(WHAT NEEDS TO BE DONE) Each record that follows must be reproduced exactly.

----- INFORMATION GIVEN -----

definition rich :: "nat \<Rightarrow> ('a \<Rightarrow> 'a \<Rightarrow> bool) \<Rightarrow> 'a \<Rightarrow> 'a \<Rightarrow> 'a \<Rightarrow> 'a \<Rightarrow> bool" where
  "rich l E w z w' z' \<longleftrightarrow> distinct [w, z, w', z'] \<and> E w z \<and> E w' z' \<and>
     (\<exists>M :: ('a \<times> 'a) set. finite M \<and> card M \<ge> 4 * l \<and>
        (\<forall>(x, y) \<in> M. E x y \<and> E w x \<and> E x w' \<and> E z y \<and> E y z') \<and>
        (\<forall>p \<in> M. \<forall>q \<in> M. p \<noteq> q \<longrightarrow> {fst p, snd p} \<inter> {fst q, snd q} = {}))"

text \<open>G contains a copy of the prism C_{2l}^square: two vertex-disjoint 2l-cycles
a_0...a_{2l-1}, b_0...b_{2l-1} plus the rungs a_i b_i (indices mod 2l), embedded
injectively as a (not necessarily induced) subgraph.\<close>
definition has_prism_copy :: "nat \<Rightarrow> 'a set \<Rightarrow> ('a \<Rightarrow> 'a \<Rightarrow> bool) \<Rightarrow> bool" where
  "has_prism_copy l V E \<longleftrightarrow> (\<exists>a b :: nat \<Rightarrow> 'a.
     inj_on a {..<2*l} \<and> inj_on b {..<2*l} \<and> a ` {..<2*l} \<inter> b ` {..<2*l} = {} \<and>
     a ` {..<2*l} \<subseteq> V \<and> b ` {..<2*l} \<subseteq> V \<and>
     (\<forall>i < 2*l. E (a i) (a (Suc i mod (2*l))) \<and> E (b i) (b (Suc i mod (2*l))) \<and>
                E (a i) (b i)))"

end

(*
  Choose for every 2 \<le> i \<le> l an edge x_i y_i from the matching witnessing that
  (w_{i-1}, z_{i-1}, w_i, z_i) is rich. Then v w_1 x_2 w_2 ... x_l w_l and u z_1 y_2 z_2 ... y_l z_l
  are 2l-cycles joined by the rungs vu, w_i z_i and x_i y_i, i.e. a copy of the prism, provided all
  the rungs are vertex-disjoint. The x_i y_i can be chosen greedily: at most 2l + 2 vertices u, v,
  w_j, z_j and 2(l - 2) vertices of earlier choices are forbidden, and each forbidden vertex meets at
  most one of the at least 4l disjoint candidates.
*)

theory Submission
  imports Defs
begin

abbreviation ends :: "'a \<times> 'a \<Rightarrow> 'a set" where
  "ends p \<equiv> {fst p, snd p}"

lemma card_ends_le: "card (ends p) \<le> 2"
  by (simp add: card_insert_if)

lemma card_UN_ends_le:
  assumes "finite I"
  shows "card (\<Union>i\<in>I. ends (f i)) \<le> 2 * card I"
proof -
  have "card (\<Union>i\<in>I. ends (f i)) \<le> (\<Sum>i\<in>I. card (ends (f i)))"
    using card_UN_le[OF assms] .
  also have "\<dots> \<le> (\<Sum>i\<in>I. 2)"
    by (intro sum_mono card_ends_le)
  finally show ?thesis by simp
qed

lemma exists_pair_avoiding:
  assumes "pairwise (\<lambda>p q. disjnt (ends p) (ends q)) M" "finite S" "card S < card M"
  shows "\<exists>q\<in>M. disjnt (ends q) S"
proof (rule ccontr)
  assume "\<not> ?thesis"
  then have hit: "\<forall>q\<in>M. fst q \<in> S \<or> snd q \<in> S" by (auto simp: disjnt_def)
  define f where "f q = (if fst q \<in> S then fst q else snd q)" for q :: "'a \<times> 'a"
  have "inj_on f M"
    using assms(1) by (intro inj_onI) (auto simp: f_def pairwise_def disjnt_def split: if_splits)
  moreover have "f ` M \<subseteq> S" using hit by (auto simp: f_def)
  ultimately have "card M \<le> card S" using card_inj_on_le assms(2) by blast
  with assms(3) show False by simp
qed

-----

(PROBLEM SOLUTION)
definition rich :: "nat \<Rightarrow> ('a \<Rightarrow> 'a \<Rightarrow> bool) \<Rightarrow> 'a \<Rightarrow> 'a \<Rightarrow> 'a \<Rightarrow> 'a \<Rightarrow> bool" where
  "rich l E w z w' z' \<longleftrightarrow> distinct [w, z, w', z'] \<and> E w z \<and> E w' z' \<and>
     (\<exists>M :: ('a \<times> 'a) set. finite M \<and> card M \<ge> 4 * l \<and>
        (\<forall>(x, y) \<in> M. E x y \<and> E w x \<and> E x w' \<and> E z y \<and> E y z') \<and>
        (\<forall>p \<in> M. \<forall>q \<in> M. p \<noteq> q \<longrightarrow> {fst p, snd p} \<inter> {fst q, snd q} = {}))"

text \<open>G contains a copy of the prism C_{2l}^square: two vertex-disjoint 2l-cycles
a_0...a_{2l-1}, b_0...b_{2l-1} plus the rungs a_i b_i (indices mod 2l), embedded
injectively as a (not necessarily induced) subgraph.\<close>
definition has_prism_copy :: "nat \<Rightarrow> 'a set \<Rightarrow> ('a \<Rightarrow> 'a \<Rightarrow> bool) \<Rightarrow> bool" where
  "has_prism_copy l V E \<longleftrightarrow> (\<exists>a b :: nat \<Rightarrow> 'a.
     inj_on a {..<2*l} \<and> inj_on b {..<2*l} \<and> a ` {..<2*l} \<inter> b ` {..<2*l} = {} \<and>
     a ` {..<2*l} \<subseteq> V \<and> b ` {..<2*l} \<subseteq> V \<and>
     (\<forall>i < 2*l. E (a i) (a (Suc i mod (2*l))) \<and> E (b i) (b (Suc i mod (2*l))) \<and>
                E (a i) (b i)))"

end

(*
  Choose for every 2 \<le> i \<le> l an edge x_i y_i from the matching witnessing that
  (w_{i-1}, z_{i-1}, w_i, z_i) is rich. Then v w_1 x_2 w_2 ... x_l w_l and u z_1 y_2 z_2 ... y_l z_l
  are 2l-cycles joined by the rungs vu, w_i z_i and x_i y_i, i.e. a copy of the prism, provided all
  the rungs are vertex-disjoint. The x_i y_i can be chosen greedily: at most 2l + 2 vertices u, v,
  w_j, z_j and 2(l - 2) vertices of earlier choices are forbidden, and each forbidden vertex meets at
  most one of the at least 4l disjoint candidates.
*)

theory Submission
  imports Defs
begin

abbreviation ends :: "'a \<times> 'a \<Rightarrow> 'a set" where
  "ends p \<equiv> {fst p, snd p}"

lemma card_ends_le: "card (ends p) \<le> 2"
  by (simp add: card_insert_if)

lemma card_UN_ends_le:
  assumes "finite I"
  shows "card (\<Union>i\<in>I. ends (f i)) \<le> 2 * card I"
proof -
  have "card (\<Union>i\<in>I. ends (f i)) \<le> (\<Sum>i\<in>I. card (ends (f i)))"
    using card_UN_le[OF assms] .
  also have "\<dots> \<le> (\<Sum>i\<in>I. 2)"
    by (intro sum_mono card_ends_le)
  finally show ?thesis by simp
qed

lemma exists_pair_avoiding:
  assumes "pairwise (\<lambda>p q. disjnt (ends p) (ends q)) M" "finite S" "card S < card M"
  shows "\<exists>q\<in>M. disjnt (ends q) S"
proof (rule ccontr)
  assume "\<not> ?thesis"
  then have hit: "\<forall>q\<in>M. fst q \<in> S \<or> snd q \<in> S" by (auto simp: disjnt_def)
  define f where "f q = (if fst q \<in> S then fst q else snd q)" for q :: "'a \<times> 'a"
  have "inj_on f M"
    using assms(1) by (intro inj_onI) (auto simp: f_def pairwise_def disjnt_def split: if_splits)
  moreover have "f ` M \<subseteq> S" using hit by (auto simp: f_def)
  ultimately have "card M \<le> card S" using card_inj_on_le assms(2) by blast
  with assms(3) show False by simp
qed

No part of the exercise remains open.